**Problem requirements**.
Report every line of the records below that includes the string "fixes".

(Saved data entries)
○ ○ ○ ○ ○
(* Let $\tau>0$, $\xi>0$, and let $g$ be a scaled Wiener process with scale parameter $\tau$ (increments $g(s_2)-g(s_1)\sim \mathrm{N}(0,\tau^2(s_2-s_1))$) started at $g(0)=g_0>0$, conditioned (in the sense of Doob's $h$-transform) on the event that its first downward crossing of zero, $\inf\{s: g(s)=0\}$, occurs at $s=\xi$. Let $0<s_1<\xi$, write $g_1\equiv g(s_1)$, and put $u=s_1/\xi$. Then the conditional distribution of $g_1$ given $g_0,\xi,\tau$ is the fractional normal distribution $\mathrm{FN}(g_1\mid g_0,\xi,\tau)$, with density on $g_1>0$ $$p(g_1\mid g_0,\xi,\tau)=\frac{\sqrt{2}\,e^{-m^2/2}}{m h^2\sqrt{\pi}}\; g_1\sinh(m g_1/h)\,\exp\Big\{-\frac{g_1^2}{2h^2}\Big\},$$ where $h=\tau\{\xi u(1-u)\}^{1/2}$ and $m=(g_0/\tau)\{(1-u)/(\xi u)\}^{1/2}$.
   Context: A scaled Wiener process with scale parameter $\tau$ is a continuous Gaussian process with independent increments $g(s_2)-g(s_1)\sim\mathrm{N}(0,\tau^2(s_2-s_1))$ for $s_2\ge s_1$. The conditioning on the first zero-crossing time $\xi$ forces $g>0$ on $(0,\xi)$. *)

theory Defs
  imports "HOL-Analysis.Analysis"
begin

text \<open>Transition density of the scaled Wiener process with scale tau:
  g(s+t) - g(s) ~ N(0, tau^2 t).\<close>
definition wiener_kernel :: "real \<Rightarrow> real \<Rightarrow> real \<Rightarrow> real \<Rightarrow> real" where
  "wiener_kernel tau t x y =
     exp (- ((y - x)^2) / (2 * tau^2 * t)) / (tau * sqrt (2 * pi * t))"

text \<open>Sub-probability transition density (on y > 0) of the scaled Wiener process
  started at x > 0 and killed at its first hitting time of zero
  (method of images / reflection principle).\<close>
definition killed_kernel :: "real \<Rightarrow> real \<Rightarrow> real \<Rightarrow> real \<Rightarrow> real" where
  "killed_kernel tau t x y = wiener_kernel tau t x y - wiener_kernel tau t x (- y)"

text \<open>Density at time t of the first hitting time of zero, inf {s. g(s) = 0},
  for the scaled Wiener process started at x > 0 (Levy distribution).\<close>
definition first_passage_density :: "real \<Rightarrow> real \<Rightarrow> real \<Rightarrow> real" where
  "first_passage_density tau x t =
     x / (tau * sqrt (2 * pi * t^3)) * exp (- (x^2) / (2 * tau^2 * t))"

text \<open>Doob h-transform: density of g(s1) (at g1) for the process started at g0,
  conditioned on its first zero-crossing occurring at time xi (0 < s1 < xi).\<close>
definition cond_density :: "real \<Rightarrow> real \<Rightarrow> real \<Rightarrow> real \<Rightarrow> real \<Rightarrow> real" where
  "cond_density tau g0 xi s1 g1 =
     (if 0 < g1 then
        killed_kernel tau s1 g0 g1 * first_passage_density tau g1 (xi - s1)
          / first_passage_density tau g0 xi
      else 0)"

definition FN_density :: "real \<Rightarrow> real \<Rightarrow> real \<Rightarrow> real \<Rightarrow> real \<Rightarrow> real" where
  "FN_density g0 xi tau s1 g1 =
     (let u = s1 / xi;
          h = tau * sqrt (xi * u * (1 - u));
          m = (g0 / tau) * sqrt ((1 - u) / (xi * u))
      in if 0 < g1 then
           sqrt 2 * exp (- (m^2) / 2) / (m * h^2 * sqrt pi)
             * g1 * sinh (m * g1 / h) * exp (- (g1^2) / (2 * h^2))
         else 0)"

end

theory Submission
  imports Defs "HOL-Probability.Probability"
begin

text \<open>Both densities are rewritten in terms of normal densities. The Wiener and first-passage
  kernels are Gaussian in the end point, so by the product formula for Gaussian densities (the
  Brownian bridge) the h-transform at g1 > 0 becomes g1 (N(b, h)(g1) - N(-b, h)(g1)) / b with
  b = g0 (1 - u); the image term -N(-b, h) comes from the killing at zero. The fractional normal
  density is the same expression, since sinh splits it into the two mirrored Gaussians.
  Finally y (N(b, h)(y) - N(-b, h)(y)) is an even function of y, so its integral over
  (0, \<infinity>) is half of its integral 2b over the line.\<close>

lemma gaussian_exponent_sum:
  fixes a c y p q :: real
  assumes "0 < p" "0 < q"
  shows "-(y - a)\<^sup>2 / (2 * p) + -(y - c)\<^sup>2 / (2 * q)
       = -(a - c)\<^sup>2 / (2 * (p + q)) + -(y - (a * q + c * p) / (p + q))\<^sup>2 / (2 * (p * q / (p + q)))"
proof -
  define s where "s = p + q"
  have "0 < s" using assms by (simp add: s_def)
  have "-(y - a)\<^sup>2 / (2 * p) + -(y - c)\<^sup>2 / (2 * q)
      = -(a - c)\<^sup>2 / (2 * s) + -(y * s - (a * q + c * p))\<^sup>2 / (2 * p * q * s)"
    using assms \<open>0 < s\<close> by (simp add: field_simps) (simp add: s_def algebra_simps power2_eq_square)
  moreover have "(y - (a * q + c * p) / s)\<^sup>2 / (2 * (p * q / s))
      = (y * s - (a * q + c * p))\<^sup>2 / (2 * p * q * s)"
    using assms \<open>0 < s\<close> by (simp add: field_simps power2_eq_square)
  ultimately show ?thesis by (simp add: s_def)
qed

lemma normal_density_mult_normal_density:
  fixes a c y \<sigma> \<sigma>1 \<sigma>2 :: real
  assumes "0 < \<sigma>1" "0 < \<sigma>2" "0 < \<sigma>" "\<sigma>1\<^sup>2 + \<sigma>2\<^sup>2 = \<sigma>\<^sup>2"
  shows "normal_density a \<sigma>1 y * normal_density c \<sigma>2 y
       = normal_density c \<sigma> a * normal_density ((a * \<sigma>2\<^sup>2 + c * \<sigma>1\<^sup>2) / \<sigma>\<^sup>2) (\<sigma>1 * \<sigma>2 / \<sigma>) y"
proof -
  have var: "(\<sigma>1 * \<sigma>2 / \<sigma>)\<^sup>2 = \<sigma>1\<^sup>2 * \<sigma>2\<^sup>2 / (\<sigma>1\<^sup>2 + \<sigma>2\<^sup>2)"
    using assms(4) by (simp add: power_mult_distrib power_divide)
  have exps: "exp (-(y - a)\<^sup>2 / (2 * \<sigma>1\<^sup>2)) * exp (-(y - c)\<^sup>2 / (2 * \<sigma>2\<^sup>2))
      = exp (-(a - c)\<^sup>2 / (2 * \<sigma>\<^sup>2))
        * exp (-(y - (a * \<sigma>2\<^sup>2 + c * \<sigma>1\<^sup>2) / \<sigma>\<^sup>2)\<^sup>2 / (2 * (\<sigma>1 * \<sigma>2 / \<sigma>)\<^sup>2))"
    unfolding exp_add[symmetric] var assms(4)[symmetric] using assms(1,2)
    by (subst gaussian_exponent_sum) simp_all
  have prefactor: "sqrt (2 * pi * \<sigma>1\<^sup>2) * sqrt (2 * pi * \<sigma>2\<^sup>2)
      = sqrt (2 * pi * \<sigma>\<^sup>2) * sqrt (2 * pi * (\<sigma>1 * \<sigma>2 / \<sigma>)\<^sup>2)"
    using assms(1-3) by (simp add: real_sqrt_mult real_sqrt_divide)
  show ?thesis
    unfolding normal_density_def using exps prefactor by (simp add: field_simps)
qed

lemma normal_density_uminus: "normal_density \<mu> \<sigma> (- x) = normal_density (- \<mu>) \<sigma> x"
  unfolding normal_density_def by (simp add: power2_commute add.commute)

lemma wiener_kernel_eq_normal_density:
  assumes "0 < tau" "0 < t"
  shows "wiener_kernel tau t x y = normal_density x (tau * sqrt t) y"
  using assms unfolding wiener_kernel_def normal_density_def
  by (simp add: power_mult_distrib real_sqrt_mult field_simps)

lemma first_passage_density_eq_normal_density:
  assumes "0 < tau" "0 < t"
  shows "first_passage_density tau x t = x / t * normal_density 0 (tau * sqrt t) x"
proof -
  have "sqrt (2 * pi * t ^ 3) = t * sqrt (2 * pi * t)"
    using assms by (simp add: power3_eq_cube real_sqrt_mult)
  then show ?thesis
    using assms unfolding first_passage_density_def normal_density_def
    by (simp add: power_mult_distrib real_sqrt_mult field_simps)
qed

lemma killed_kernel_first_passage_ratio:
  fixes tau s t x y :: real
  assumes "0 < tau" "0 < s" "s < t" "0 < x"
  defines "b \<equiv> x * (t - s) / t" and "h \<equiv> tau * sqrt (s * (t - s) / t)"
  shows "killed_kernel tau s x y * first_passage_density tau y (t - s) / first_passage_density tau x t
       = y * (normal_density b h y - normal_density (- b) h y) / b"
proof -
  define \<sigma>1 \<sigma>2 \<sigma> where "\<sigma>1 = tau * sqrt s" and "\<sigma>2 = tau * sqrt (t - s)" and "\<sigma> = tau * sqrt t"
  have pos: "0 < \<sigma>1" "0 < \<sigma>2" "0 < \<sigma>" "0 < t"
    using assms(1-3) by (simp_all add: \<sigma>1_def \<sigma>2_def \<sigma>_def)
  have var: "\<sigma>1\<^sup>2 + \<sigma>2\<^sup>2 = \<sigma>\<^sup>2"
    using assms(1-3) by (simp add: \<sigma>1_def \<sigma>2_def \<sigma>_def power_mult_distrib algebra_simps)
  have mean: "(a * \<sigma>2\<^sup>2 + 0 * \<sigma>1\<^sup>2) / \<sigma>\<^sup>2 = a * (t - s) / t" for a
    using assms(1-3) by (simp add: \<sigma>2_def \<sigma>_def power_mult_distrib)
  have sd: "\<sigma>1 * \<sigma>2 / \<sigma> = h"
    using assms(1-3) unfolding h_def
    by (simp add: \<sigma>1_def \<sigma>2_def \<sigma>_def real_sqrt_mult real_sqrt_divide)
  have bridge: "normal_density a \<sigma>1 y * normal_density 0 \<sigma>2 y
      = normal_density 0 \<sigma> a * normal_density (a * (t - s) / t) h y" for a
    using normal_density_mult_normal_density[OF pos(1-3) var, of a y 0] unfolding mean sd .
  have "killed_kernel tau s x y * first_passage_density tau y (t - s)
      = y / (t - s) * (normal_density x \<sigma>1 y * normal_density 0 \<sigma>2 y
                       - normal_density (- x) \<sigma>1 y * normal_density 0 \<sigma>2 y)"
    using assms(1-3) unfolding \<sigma>1_def \<sigma>2_def
    by (simp add: killed_kernel_def wiener_kernel_eq_normal_density first_passage_density_eq_normal_density
        normal_density_uminus algebra_simps)
  also have "\<dots> = y / (t - s) * normal_density 0 \<sigma> x * (normal_density b h y - normal_density (- b) h y)"
    unfolding bridge b_def by (simp add: normal_density_uminus algebra_simps minus_divide_left)
  finally have numerator: "killed_kernel tau s x y * first_passage_density tau y (t - s)
      = y / (t - s) * normal_density 0 \<sigma> x * (normal_density b h y - normal_density (- b) h y)" .
  have denominator: "first_passage_density tau x t = x / t * normal_density 0 \<sigma> x"
    using assms(1) pos(4) unfolding \<sigma>_def by (rule first_passage_density_eq_normal_density)
  have "0 < normal_density 0 \<sigma> x"
    using pos by (simp add: normal_density_pos)
  then show ?thesis
    unfolding numerator denominator using assms(2-4) by (simp add: b_def field_simps)
qed

lemma normal_density_scaled_mean:
  assumes "0 < h"
  shows "normal_density (c * h) h y
       = exp (-(c\<^sup>2) / 2) * exp (c * y / h) * exp (-(y\<^sup>2) / (2 * h\<^sup>2)) / (sqrt 2 * sqrt pi * h)"
proof -
  have "-(y - c * h)\<^sup>2 / (2 * h\<^sup>2) = -(c\<^sup>2) / 2 + c * y / h + -(y\<^sup>2) / (2 * h\<^sup>2)"
    using assms by (simp add: field_simps power2_eq_square)
  then show ?thesis
    using assms unfolding normal_density_def
    by (simp add: exp_add[symmetric] real_sqrt_mult)
qed

lemma sinh_gaussian_eq_normal_density_diff:
  fixes m h y :: real
  assumes "0 < m" "0 < h"
  shows "sqrt 2 * exp (-(m\<^sup>2) / 2) / (m * h\<^sup>2 * sqrt pi) * y * sinh (m * y / h) * exp (-(y\<^sup>2) / (2 * h\<^sup>2))
       = y * (normal_density (m * h) h y - normal_density (- (m * h)) h y) / (m * h)"
proof -
  have minus: "- (m * h) = (- m) * h" by simp
  have sqrt2: "sqrt 2 * (sqrt 2 * z) = 2 * z" for z :: real
    by (simp add: mult.assoc[symmetric])
  show ?thesis
    unfolding minus normal_density_scaled_mean[OF assms(2)] sinh_def using assms
    by (simp add: field_simps sqrt2 power2_eq_square)
qed

lemma has_integral_mirrored_normal_density_first_moment:
  fixes b h :: real
  assumes "0 < h"
  shows "((\<lambda>y. y * (normal_density b h y - normal_density (- b) h y)) has_integral b) {0<..}"
proof -
  define \<phi> where "\<phi> = (\<lambda>y::real. y * (normal_density b h y - normal_density (- b) h y))"
  define pos neg where "pos = (\<lambda>y. \<phi> y * indicator {0<..} y)" and "neg = (\<lambda>y. \<phi> y * indicator {..<0} y)"
  have "has_bochner_integral lborel (\<lambda>y. normal_density b h y * y - normal_density (- b) h y * y) (b - (- b))"
    by (intro has_bochner_integral_diff normal_moment_nz_1[OF assms])
  then have \<phi>: "has_bochner_integral lborel \<phi> (2 * b)"
    unfolding \<phi>_def by (simp add: algebra_simps)
  then have pos_int: "integrable lborel pos" and neg_int: "integrable lborel neg"
    unfolding pos_def neg_def by (auto intro!: integrable_real_mult_indicator simp: has_bochner_integral_iff)
  have "\<phi> (- y) = \<phi> y" for y
    unfolding \<phi>_def normal_density_uminus by (simp add: algebra_simps)
  then have "(\<lambda>y. neg (0 + (- 1) * y)) = pos"
    unfolding pos_def neg_def by (auto simp: fun_eq_iff indicator_def)
  then have reflect: "integral\<^sup>L lborel neg = integral\<^sup>L lborel pos"
    using lborel_integral_real_affine[of "- 1" neg 0] by simp
  have "\<phi> = (\<lambda>y. pos y + neg y)"
    unfolding pos_def neg_def \<phi>_def by (auto simp: fun_eq_iff indicator_def)
  with \<phi> pos_int neg_int have "integral\<^sup>L lborel pos + integral\<^sup>L lborel neg = 2 * b"
    by (simp add: has_bochner_integral_iff)
  then have "(pos has_integral b) UNIV"
    using has_integral_integral_real[OF pos_int] reflect by simp
  moreover have "pos = (\<lambda>y. if y \<in> {0<..} then \<phi> y else 0)"
    unfolding pos_def by (auto simp: fun_eq_iff)
  ultimately show ?thesis
    unfolding \<phi>_def using has_integral_restrict_UNIV by metis
qed


lemma FN_density_eq_normal_density_diff:
  fixes tau xi g0 s1 y :: real
  assumes "0 < tau" "0 < g0" "0 < s1" "s1 < xi"
  defines "b \<equiv> g0 * (xi - s1) / xi" and "h \<equiv> tau * sqrt (s1 * (xi - s1) / xi)"
  shows "FN_density g0 xi tau s1 y
       = (if 0 < y then y * (normal_density b h y - normal_density (- b) h y) / b else 0)"
proof -
  define u where "u = s1 / xi"
  have u: "0 < u" "u < 1" "1 - u = (xi - s1) / xi"
    using assms(3,4) by (simp_all add: u_def field_simps)
  have h_eq: "tau * sqrt (xi * u * (1 - u)) = h"
    using assms(3,4) by (simp add: h_def u_def field_simps)
  define m where "m = (g0 / tau) * sqrt ((1 - u) / (xi * u))"
  have "m * h = g0 * (sqrt ((1 - u) / (xi * u)) * sqrt (xi * u * (1 - u)))"
    using assms(1) by (simp add: m_def h_eq[symmetric])
  also have "\<dots> = g0 * sqrt (((1 - u) / (xi * u)) * (xi * u * (1 - u)))"
    by (simp only: real_sqrt_mult)
  also have "((1 - u) / (xi * u)) * (xi * u * (1 - u)) = (1 - u)\<^sup>2"
    using assms(3,4) u by (simp add: field_simps power2_eq_square)
  also have "g0 * sqrt ((1 - u)\<^sup>2) = b"
    using u(2) by (simp add: b_def) (simp add: u(3))
  finally have mh_eq: "m * h = b" .
  have m_pos: "0 < m" and h_pos: "0 < h"
    using assms u by (simp_all add: m_def h_eq[symmetric])
  show ?thesis
    unfolding FN_density_def Let_def u_def[symmetric] h_eq m_def[symmetric]
      sinh_gaussian_eq_normal_density_diff[OF m_pos h_pos] mh_eq ..
qed

theorem proposition1:
  fixes tau xi g0 s1 :: real
  assumes "0 < tau" and "0 < xi" and "0 < g0" and "0 < s1" and "s1 < xi"
  shows "(\<forall>g1. cond_density tau g0 xi s1 g1 = FN_density g0 xi tau s1 g1)
         \<and> (FN_density g0 xi tau s1 has_integral 1) {0<..}"
proof -
  define b where "b = g0 * (xi - s1) / xi"
  define h where "h = tau * sqrt (s1 * (xi - s1) / xi)"
  define \<phi> where "\<phi> = (\<lambda>y. y * (normal_density b h y - normal_density (- b) h y) / b)"
  have b_pos: "0 < b" and h_pos: "0 < h"
    using assms by (simp_all add: b_def h_def)
  have FN: "FN_density g0 xi tau s1 y = (if 0 < y then \<phi> y else 0)" for y
    unfolding \<phi>_def b_def h_def using assms(1,3-5) by (rule FN_density_eq_normal_density_diff)
  have "cond_density tau g0 xi s1 y = FN_density g0 xi tau s1 y" for y
    using killed_kernel_first_passage_ratio[OF assms(1,4,5,3)]
    unfolding FN cond_density_def \<phi>_def b_def h_def by simp
  moreover have "(\<phi> has_integral 1) {0<..}"
    using has_integral_divide[OF has_integral_mirrored_normal_density_first_moment[OF h_pos, of b], where c = b]
      b_pos unfolding \<phi>_def by simp
  then have "(FN_density g0 xi tau s1 has_integral 1) {0<..}"
    by (subst has_integral_cong[where g = \<phi>]) (simp_all add: FN)
  ultimately show ?thesis by blast
qed

end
○ ○ ○ ○ ○
**Response to this task**.
  fixes a c y p q :: real
  fixes a c y \<sigma> \<sigma>1 \<sigma>2 :: real
  fixes tau s t x y :: real
  fixes m h y :: real
  fixes b h :: real
  fixes tau xi g0 s1 y :: real
  fixes tau xi g0 s1 :: real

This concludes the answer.